[Records drawn from a dataset]

definition rademacher_avg :: "nat \<Rightarrow> (nat \<Rightarrow> real) set \<Rightarrow> real" where
  "rademacher_avg k V = (\<Sum>\<epsilon>\<in>sign_vectors k. Max ((\<lambda>v. \<Sum>i<k. \<epsilon> i * v i) ` V)) / 2 ^ k"

lemma sum_exp_sign_vectors_le:
  "(\<Sum>\<epsilon>\<in>sign_vectors k. exp (\<Sum>i<k. \<epsilon> i * v i)) \<le> 2 ^ k * exp ((\<Sum>i<k. (v i)\<^sup>2) / 2)"
proof -
  have "(\<Sum>\<epsilon>\<in>sign_vectors k. exp (\<Sum>i<k. \<epsilon> i * v i))
      = (\<Sum>\<epsilon>\<in>sign_vectors k. \<Prod>i<k. exp (\<epsilon> i * v i))"
    by (simp add: exp_sum)
  also have "\<dots> = (\<Prod>i<k. \<Sum>e\<in>{-1::real, 1}. exp (e * v i))"
    unfolding sign_vectors_def by (subst prod_sum_PiE) auto
  also have "\<dots> = (\<Prod>i<k. exp (v i) + exp (- v i))"
    by (intro prod.cong) auto
  also have "\<dots> \<le> (\<Prod>i<k. 2 * exp ((v i)\<^sup>2 / 2))"
    by (intro prod_mono) (auto intro: add_nonneg_nonneg exp_plus_exp_minus_le)
  also have "\<dots> = 2 ^ k * exp ((\<Sum>i<k. (v i)\<^sup>2) / 2)"
    by (simp add: prod.distrib exp_sum sum_divide_distrib)
  finally show ?thesis .
qed
lemma S_set_subset_if_edge_flow_eq:
  assumes P: "finite P" and E: "finite E" and PE: "\<forall>p\<in>P. set p \<subseteq> E"
    and f: "f \<in> feasible P" and g: "g \<in> feasible P"
    and eq: "\<forall>e\<in>E. edge_flow P f e = edge_flow P g e"
  shows "S_set m C P \<Phi> u f \<subseteq> S_set m C P \<Phi> u g"
proof
  fix \<psi> assume \<psi>: "\<psi> \<in> S_set m C P \<Phi> u f"
  define a where "a h e = (\<Sum>s<m. \<Phi> u s * C s e (edge_flow P h e) * \<psi> s)" for h e
  have cost: "(\<Sum>s<m. \<Phi> u s * path_cost C P s h p * \<psi> s) = (\<Sum>e\<in>set p. a h e)" for h p
    unfolding a_def path_cost_def sum_distrib_left sum_distrib_right by (subst sum.swap) simp
  have a_eq: "(\<Sum>e\<in>set p. a g e) = (\<Sum>e\<in>set p. a f e)" if "p \<in> P" for p
  proof (rule sum.cong[OF refl])
    fix e assume "e \<in> set p"
    then have "e \<in> E" using PE that by blast
    then show "a g e = a f e" using eq by (simp add: a_def)
  qed
  have simplex: "\<psi> \<in> prob_simplex m"
    and min_f: "minimal_on_support P f (\<lambda>p. \<Sum>e\<in>set p. a f e)"
    using \<psi> unfolding S_set_iff_minimal_on_support[OF f] cost by (rule conjunct1, rule conjunct2)
  from min_f have "minimal_on_support P g (\<lambda>p. \<Sum>e\<in>set p. a f e)"
    by (rule minimal_on_support_transfer_edge_flow[OF P E PE f g eq])
  then have "minimal_on_support P g (\<lambda>p. \<Sum>e\<in>set p. a g e)"
    using a_eq by (simp add: minimal_on_support_def)
  then show "\<psi> \<in> S_set m C P \<Phi> u g"
    unfolding S_set_iff_minimal_on_support[OF g] cost using simplex by (rule conjI[rotated])
qed

theorem corollary1:
  fixes V :: "'v set" and E :: "'e set" and tl_e hd_e :: "'e \<Rightarrow> 'v"
    and vo vd :: 'v and m z u :: nat
    and C :: "nat \<Rightarrow> 'e \<Rightarrow> real \<Rightarrow> real"
    and q :: "nat \<Rightarrow> real" and \<Phi> :: "nat \<Rightarrow> nat \<Rightarrow> real"
    and ft fh :: "'e list \<Rightarrow> real"
  assumes "finite V" and "finite E"
    and "\<forall>e\<in>E. tl_e e \<in> V \<and> hd_e e \<in> V"
    and "vo \<in> V" and "vd \<in> V"
    and "\<forall>s<m. \<forall>e\<in>E. continuous_on {0..} (C s e)"
    and "\<forall>s<m. \<forall>e\<in>E. strict_mono_on {0..} (C s e)"
    and "\<forall>s<m. \<forall>e\<in>E. \<forall>x\<ge>0. C s e x \<ge> 0"
    and "q \<in> prob_simplex m" and "\<forall>s<m. q s > 0"
    and "\<forall>u'<z. \<forall>s<m. \<Phi> u' s \<ge> 0"
    and "\<forall>s<m. (\<Sum>u'<z. \<Phi> u' s) = 1"
    and "u < z"
    and "(\<Sum>l<m. \<Phi> u l * q l) > 0"
    and "ft \<in> wardrop m C (paths E tl_e hd_e vo vd) (posterior m \<Phi> q u)"
    and "fh \<in> wardrop m C (paths E tl_e hd_e vo vd) (posterior m \<Phi> q u)"
  shows "S_set m C (paths E tl_e hd_e vo vd) \<Phi> u ft = S_set m C (paths E tl_e hd_e vo vd) \<Phi> u fh"
proof -
  define P where "P = paths E tl_e hd_e vo vd"
  define \<phi> where "\<phi> = posterior m \<Phi> q u"
  have ft: "ft \<in> feasible P" and fh: "fh \<in> feasible P"
    and min_ft: "minimal_on_support P ft (exp_cost m C P \<phi> ft)"
    and min_fh: "minimal_on_support P fh (exp_cost m C P \<phi> fh)"
    using assms(15,16) by (simp_all add: wardrop_iff_minimal_on_support P_def \<phi>_def)
  have P: "finite P" using feasible_finite[OF ft] .
  have PE: "\<forall>p\<in>P. set p \<subseteq> E" by (auto simp: P_def paths_def odpath_def)
  have \<phi>: "\<phi> \<in> prob_simplex m"
    unfolding \<phi>_def by (rule posterior_in_prob_simplex) (use assms(10,11,13,14) in auto)
  have mono: "\<forall>e\<in>E. strict_mono_on {0..} (\<lambda>x. \<Sum>s<m. \<phi> s * C s e x)"
    using assms(7) by (auto intro: strict_mono_on_convex_combination[OF \<phi>])
  have edge_eq: "\<forall>e\<in>E. edge_flow P ft e = edge_flow P fh e"
    using wardrop_edge_flow_unique[OF P assms(2) PE mono ft fh] min_ft min_fh
    unfolding exp_cost_edge_additive by blast
  have "S_set m C P \<Phi> u ft \<subseteq> S_set m C P \<Phi> u fh"
    by (rule S_set_subset_if_edge_flow_eq[OF P assms(2) PE ft fh edge_eq])
  moreover have "S_set m C P \<Phi> u fh \<subseteq> S_set m C P \<Phi> u ft"
    by (rule S_set_subset_if_edge_flow_eq[OF P assms(2) PE fh ft]) (use edge_eq in simp)
  ultimately show ?thesis unfolding P_def by (rule subset_antisym)
qed

end
definition is_T2 :: "'a set \<Rightarrow> 'a set set \<Rightarrow> bool" where
  "is_T2 V E \<longleftrightarrow> (\<exists>w x y z u1 a1 b1. distinct [w, x, y, z, u1, a1, b1]
     \<and> V = {w, x, y, z, u1, a1, b1}
     \<and> E = {{w, x}, {x, y}, {y, z}, {z, u1}, {u1, a1}, {u1, b1}})"

definition is_T3 :: "'a set \<Rightarrow> 'a set set \<Rightarrow> bool" where
  "is_T3 V E \<longleftrightarrow> (\<exists>w x y z u1 a1 b1 u2 a2 b2. distinct [w, x, y, z, u1, a1, b1, u2, a2, b2]
     \<and> V = {w, x, y, z, u1, a1, b1, u2, a2, b2}
     \<and> E = {{w, x}, {x, y}, {y, z}, {z, u1}, {u1, a1}, {u1, b1}, {z, u2}, {u2, a2}, {u2, b2}})"

definition in_cal_T3 :: "'a set \<Rightarrow> 'a set set \<Rightarrow> bool" where
  "in_cal_T3 V E \<longleftrightarrow> is_T2 V E \<or> is_T3 V E
     \<or> (appended_3star V E \<and> max_degree_eq V E 3 \<and> diameter_le V E 6)"

end

(*
  Apart from T2 and T3, every member of the family is a cherry tree: a root with three
  children, below which hang vertices y carrying two pendant leaves each. This follows by
  induction along the construction of an appended 3-star: appending a star to a cherry tree
  gives a cherry tree again (after rerooting it at a cherry centre if necessary), or a vertex
  of degree 4, or two vertices at distance at least 7, as certified by a 1-Lipschitz integer
  potential; the latter two properties survive all further appending.

  In a cherry tree the children of the root together with all leaves form an independent
  identifying code containing every vertex of degree at most 2. It is minimum, also after
  deleting any of its vertices, by counting: any identifying code D contains two vertices of
  every cherry, three if it contains the centre but not its parent, and D must meet the closed
  neighbourhood of every child x of the root; if x \<notin> D and no child of x lies in D, only the
  root does, and separation allows this for at most one x. The tree T3 is settled by direct
  inspection.
*)
theory Submission
  imports Defs
begin

section \<open>Identifying codes\<close>

definition identifies_on :: "'a set \<Rightarrow> 'a set set \<Rightarrow> 'a set \<Rightarrow> 'a set \<Rightarrow> bool" where
  "identifies_on V E D W \<longleftrightarrow> (\<forall>u\<in>W. closed_nbhd V E u \<inter> D \<noteq> {})
     \<and> (\<forall>u\<in>W. \<forall>w\<in>W. u \<noteq> w \<longrightarrow> closed_nbhd V E u \<inter> D \<noteq> closed_nbhd V E w \<inter> D)"

lemma identifies_onD:
  assumes "identifies_on V E D W"
  shows identifies_on_dominates: "u \<in> W \<Longrightarrow> closed_nbhd V E u \<inter> D \<noteq> {}"
    and identifies_on_separates:
      "u \<in> W \<Longrightarrow> w \<in> W \<Longrightarrow> u \<noteq> w \<Longrightarrow> closed_nbhd V E u \<inter> D \<noteq> closed_nbhd V E w \<inter> D"
  using assms unfolding identifies_on_def by blast+

lemma is_identifying_code_iff: "is_identifying_code V E D \<longleftrightarrow> D \<subseteq> V \<and> identifies_on V E D V"
  unfolding is_identifying_code_def identifies_on_def by blast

▸ **Problem details**
Copy out every line of the data where the word "thesis" occurs.

▸ **Reply**
  finally show ?thesis .
  ultimately show ?thesis unfolding P_def by (rule subset_antisym)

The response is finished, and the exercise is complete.